- [Exercise brief]:
Would you write out the lines from the one containing "using assms by" to the end of the records below, exactly and in full, please?

[Saved data entries]
# # # #
(* Let $C\ge 2$ and let $D$ be an even positive integer. Let $\mu_1,\dots,\mu_C\in\mathbb{R}^D$ be unit vectors with $\mu_j^\top\mu_{j'}=-\frac{1}{C-1}$ for all $j\neq j'$ (a unit-norm simplex ETF). Let $\alpha\in[0,\pi/2]$, let $A\in\mathbb{R}^{D\times D}$ satisfy $A^\top=-A$ and $A^2=-I$, set $R=\cos\alpha\,I+\sin\alpha\,A$ and classifier weights $w_j=R\mu_j$ (so that $\mu_j^\top w_j=\cos\alpha$ and the $w_j$ also form a unit-norm simplex ETF), with zero biases. For a class $c$ and noise level $\sigma>0$, let $h=\mu_c+z$ with $z\sim\mathcal{N}(0,\sigma^2 I_D)$, let $\hat\gamma(h)=\arg\max_{j}\langle w_j,h\rangle$, and for $c'\neq c$ let $$\beta_{c,c'}=\lim_{\sigma\to 0}\bigl(-\sigma^2\log P_\sigma\{\hat\gamma(h)=c'\mid \gamma=c\}\bigr).$$ Then for every class $c$, $$\min_{c'\neq c}\beta_{c,c'}\;\le\;\frac14\cos^2\alpha\,\frac{C}{C-1}\;=\;\cos^2\alpha\;\beta^*,\qquad\text{where }\beta^*=\frac{C}{4(C-1)}.$$
   Context: Here $\gamma$ denotes the true class label of the observation $h$, and $P_\sigma$ is the probability over the Gaussian noise $z$ at noise level $\sigma$. The quantity $\beta^*=\frac{C}{C-1}\cdot\frac14$ is the optimal (large-deviations) error exponent attained when class means and classifier weights are perfectly aligned unit-norm simplex ETFs with zero bias. *)

theory Defs
  imports "HOL-Probability.Probability"
begin

definition gauss_density :: "real \<Rightarrow> real^'n \<Rightarrow> real^'n \<Rightarrow> real" where
  "gauss_density \<sigma> m x =
     (2 * pi * \<sigma>\<^sup>2) powr (- real CARD('n) / 2) * exp (- (norm (x - m))\<^sup>2 / (2 * \<sigma>\<^sup>2))"
lemma card_cocliques_containing:
  assumes "x < n"
  shows "card {C\<in>Cs. x \<in> C} = q\<^sup>2 + q"
proof -
  have "0 \<le> real c * (Q\<^sup>2 + Q - 1) - real (\<Sum>D\<in>Cs - {C}. card (C \<inter> D))" if "C \<in> Cs" for C
    using sum_card_Int_le[OF that] unfolding of_nat_le_iff[symmetric, where 'a=real] real_c_mult_meet_size
    by linarith
  then have "0 \<le> (\<Sum>C\<in>Cs. real c * (Q\<^sup>2 + Q - 1) - real (\<Sum>D\<in>Cs - {C}. card (C \<inter> D)))"
    by (intro sum_nonneg) auto
  then have "(\<Sum>x<n. (real (card {C\<in>Cs. x \<in> C}) - (Q\<^sup>2 + Q))\<^sup>2) = 0"
    using coclique_cover_deviation sum_nonneg[of "{..<n}" "\<lambda>x. (real (card {C\<in>Cs. x \<in> C}) - (Q\<^sup>2 + Q))\<^sup>2"]
    by simp
  then have "real (card {C\<in>Cs. x \<in> C}) = Q\<^sup>2 + Q"
    using assms by (simp add: sum_nonneg_eq_0_iff)
  then show ?thesis by (simp flip: of_nat_power of_nat_add)
qed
# # # #
- [Expected output]:
    using assms by (simp add: sum_nonneg_eq_0_iff)
  then show ?thesis by (simp flip: of_nat_power of_nat_add)
qed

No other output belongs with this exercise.